Associators and higher fusion data (F-symbols, pentagonators) measure the failure of strict associativity in the fusion algebra and are themselves lower-dimensional TQFTs or cocycle data in group cohomology \cite(Kim et al., 24 Sep 2025){Higher structure from Lagrangian descriptions}. This higher structure is essential for classifying and computing fusion networks in non-invertible symmetry sectors.

6. Physical Consequences: Obstructions, Dynamics, and Applications

Non-invertible higher-form symmetries impose rigorous constraints on QFT dynamics—most notably, they can forbid symmetric gapped phases and force gapless or symmetry-breaking behavior. For self-dual theories with finite one-form symmetry $\mathbb{Z}_N^{(1)}$, gapped symmetry-preserving vacua exist only if $N=k^2\ell$ with $-1$ a quadratic residue mod $\ell$; otherwise, the theory is gapless or spontaneously breaks the self-duality symmetry. Similar constraints apply to triality and beyond; the fusion rules and corresponding Gauss-sum identities govern the existence of topological phases \cite(Apte et al., 2022){Obstructions to Gapped Phases}.

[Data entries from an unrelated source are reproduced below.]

(* Let $d\ge 3$ be fixed and let $\{G_k\}$ be a family of connected $d$-regular simple graphs with $|V(G_k)|\to\infty$ as $k\to\infty$. Then \[ \lim_{k\to\infty}\frac{\mathscr{K}_{nb}(G_k)}{\mathscr{K}_e(G_k)}\le 1-\frac{1}{d^2}. \]
   Context: Kemeny's constant of an irreducible finite Markov chain with transition matrix $P$ whose eigenvalues (with multiplicity) are $1=\rho_1,\rho_2,\dots,\rho_N$ (with $1$ simple) is $\mathscr{K}(P)=\sum_{i=2}^{N}\frac{1}{1-\rho_i}$. Arcs of $G$: for each edge $\{u,v\}$ the two ordered pairs $(u,v),(v,u)$. $\mathscr{K}_e(G)$ is Kemeny's constant of the chain on arcs where from $(u,v)$ one moves to $(v,w)$ with probability $1/\deg(v)$ for each neighbor $w$ of $v$. $\mathscr{K}_{nb}(G)$ is Kemeny's constant of the non-backtracking chain on arcs where from $(u,v)$ one moves to $(v,w)$ with probability $1/(\deg(v)-1)$ for each neighbor $w\neq u$ of $v$. *)

theory Defs
  imports "Jordan_Normal_Form.Char_Poly" "HOL-Library.Product_Lexorder" "HOL-Library.Extended_Real"
begin

definition simple_graph :: "nat set \<Rightarrow> (nat \<Rightarrow> nat \<Rightarrow> bool) \<Rightarrow> bool" where
  "simple_graph V E \<longleftrightarrow> finite V \<and> (\<forall>u v. E u v \<longrightarrow> u \<in> V \<and> v \<in> V \<and> E v u \<and> u \<noteq> v)"

definition connected_graph :: "nat set \<Rightarrow> (nat \<Rightarrow> nat \<Rightarrow> bool) \<Rightarrow> bool" where
  "connected_graph V E \<longleftrightarrow> V \<noteq> {} \<and> (\<forall>u\<in>V. \<forall>v\<in>V. E\<^sup>*\<^sup>* u v)"
definition fun_matrix_pos :: "nat \<Rightarrow> (nat \<Rightarrow> nat \<Rightarrow> complex \<Rightarrow> complex) \<Rightarrow> bool" where
  "fun_matrix_pos p F \<longleftrightarrow>
     (\<forall>z\<in>S1. \<forall>v :: nat \<Rightarrow> complex.
        let q = (\<Sum>i<p. \<Sum>j<p. cnj (v i) * F i j z * v j) in Im q = 0 \<and> Re q \<ge> 0)"

text \<open>Positivity of a p x p matrix of operators on H^2, i.e. of an operator on (H^2)^p.\<close>
definition op_matrix_pos ::
  "nat \<Rightarrow> (nat \<Rightarrow> nat \<Rightarrow> (nat \<Rightarrow> complex) \<Rightarrow> (nat \<Rightarrow> complex)) \<Rightarrow> bool" where
  "op_matrix_pos p A \<longleftrightarrow>
     (\<forall>\<xi> :: nat \<Rightarrow> nat \<Rightarrow> complex. (\<forall>i<p. \<xi> i \<in> H2) \<longrightarrow>
        (let q = (\<Sum>i<p. \<Sum>j<p. H2_inner (A i j (\<xi> j)) (\<xi> i)) in Im q = 0 \<and> Re q \<ge> 0))"

end
text \<open>\<open>B\<close> is the linear piece of \<open>\<mu> a a0\<close> on a cone whose \<open>A\<close>-preimage meets \<open>D\<close> in a set
  with interior; there \<open>B \<circ> A\<close> is the identity on lattice points.\<close>
lemma chamber_mutation_left_inverse:
  assumes D: "chamber a0 D" and A: "linear A" "\<forall>x\<in>D. \<mu> a0 a x = A x"
  obtains B where "linear B" "\<forall>x\<in>Fvec F. B x \<in> Fvec F" "\<And>x. B (A x) = x"
proof -
  have "\<exists>K\<in>(\<lambda>e. A -` e) ` fan a a0. interior D \<inter> interior K \<noteq> {}"
  proof (rule finite_closed_cover_meets_interior)
    show "finite ((\<lambda>e. A -` e) ` fan a a0)" using complete_fan_finite[OF fan(1)] by simp
    have "continuous_on UNIV A" using A(1) by (simp add: linear_continuous_on linear_conv_bounded_linear)
    then show "closed K" if "K \<in> (\<lambda>e. A -` e) ` fan a a0" for K
      using that complete_fan_cone[OF fan(1)] closed_vimage by blast
    show "interior D \<noteq> {}" using D unfolding chamber_def by blast
    show "interior D \<subseteq> \<Union>((\<lambda>e. A -` e) ` fan a a0)" using complete_fan_covers[OF fan(1)] by blast
  qed simp
  then obtain e where e: "e \<in> fan a a0" "interior (D \<inter> A -` e) \<noteq> {}"
    by (auto simp: interior_Int)
  obtain B where B: "linear B" "\<forall>x\<in>Fvec F. B x \<in> Fvec F" "\<forall>y\<in>e. \<mu> a a0 y = B y"
    using fan(2)[OF e(1)] unfolding linear_on_cone_def by blast
  have cones: "convex_cone D" "convex_cone e"
    using D complete_fan_cone[OF fan(1) e(1)] unfolding chamber_def by blast+
  have "conic (D \<inter> A -` e)"
    unfolding conic_def using cones by (auto simp: convex_cone_scaleR linear_scale[OF A(1)])
  then have "B \<circ> A = id"
  proof (rule linear_eq_if_eq_on_cone_lattice[OF linear_compose[OF A(1) B(1)] linear_id _ e(2)])
    fix z assume z: "z \<in> D \<inter> A -` e" "z \<in> Fvec \<int>"
    then have "z \<in> Fvec F" using Fvec_Ints_subset[OF real_subring] by blast
    then have "\<mu> a a0 (\<mu> a0 a z) = z" by (rule mutation_inverse)
    then show "(B \<circ> A) z = id z" using z(1) A(2) B(3) by auto
  qed
  then have "B (A x) = x" for x by (metis comp_apply id_apply)
  with B that show ?thesis by blast
qed

section \<open>The extension to real coordinates\<close>

definition chambers :: "'i \<Rightarrow> (real^'n) set set" where
  "chambers a = (\<lambda>d. \<Inter>b. d b) ` {d. (\<forall>b. d b \<in> fan a b) \<and> interior (\<Inter>b. d b) \<noteq> {}}"

definition chamber_form :: "'i \<Rightarrow> (real^'n) set \<Rightarrow> real^'n \<Rightarrow> real" where
  "chamber_form a D =
     (SOME l. linear l \<and> (\<forall>x\<in>Fvec F. l x \<in> F) \<and> (\<forall>x\<in>D \<inter> Fvec F. chart_val a x = l x))"

text \<open>\<open>pext a\<close> is the extension of \<open>p \<circ> \<pi>\<^sub>a\<^sup>-\<^sup>1\<close> from \<open>F\<^sup>r\<close> to \<open>\<real>\<^sup>r\<close>.\<close>
definition pext :: "'i \<Rightarrow> real^'n \<Rightarrow> real" where
  "pext a x = Min ((\<lambda>D. chamber_form a D x) ` chambers a)"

In class $\mathcal{S}$, $N$-ality condensation defects provide explicit constructions of codimension-one interfaces realizing non-invertible higher-form symmetry actions, and their fusion rules encode the underlying algebraic structure. Intrinsically non-invertible defects require summing over topological gravity sectors, reflecting their fundamentally twisted nature.

Non-invertible higher-form symmetries are realized in lattice gauge models, topological orders, generalized SPT phases, and string/M-theory compactifications, often dictating the structure of ground state degeneracy, quantum memory, and classical information retention in quantum double codes \cite(Song et al., 29 Sep 2025){Strong-to-weak spontaneous symmetry breaking}. The categorical framework unifies these manifestations and enables explicit calculations in both continuum and lattice settings.

7. Generalizations, Higher Groups and Future Directions

Non-invertible higher-form symmetries extend naturally to higher-categorical symmetries, including 2-groups and relative TQFTs. The symmetry category after gauging a finite $k$-form or higher-group symmetry is the full $(d-1)$-category of lower-dimensional TQFTs with that symmetry. The framework admits further generalization to continuous non-invertible symmetries via dressing symmetry operators with lower-dimensional TQFTs, the emergence of fusion category symmetries at special points (e.g., infinite families labeled by $\mathbb{Q}/\mathbb{Z}$ in 3d Goldstone-Maxwell models), and the interplay of non-invertible defects with higher-form anomalies and topological gravity sectors \cite(Damia et al., 2022){Continuous Generalized Symmetries}.

One outstanding problem is the mathematical classification of fusion higher-categories, their centers, and the full spectrum of non-invertible higher-form symmetries in generic QFTs, including strongly coupled and gravitational settings. The universality of the SymTFT and higher-category formalism suggests a systematic roadmap for these developments.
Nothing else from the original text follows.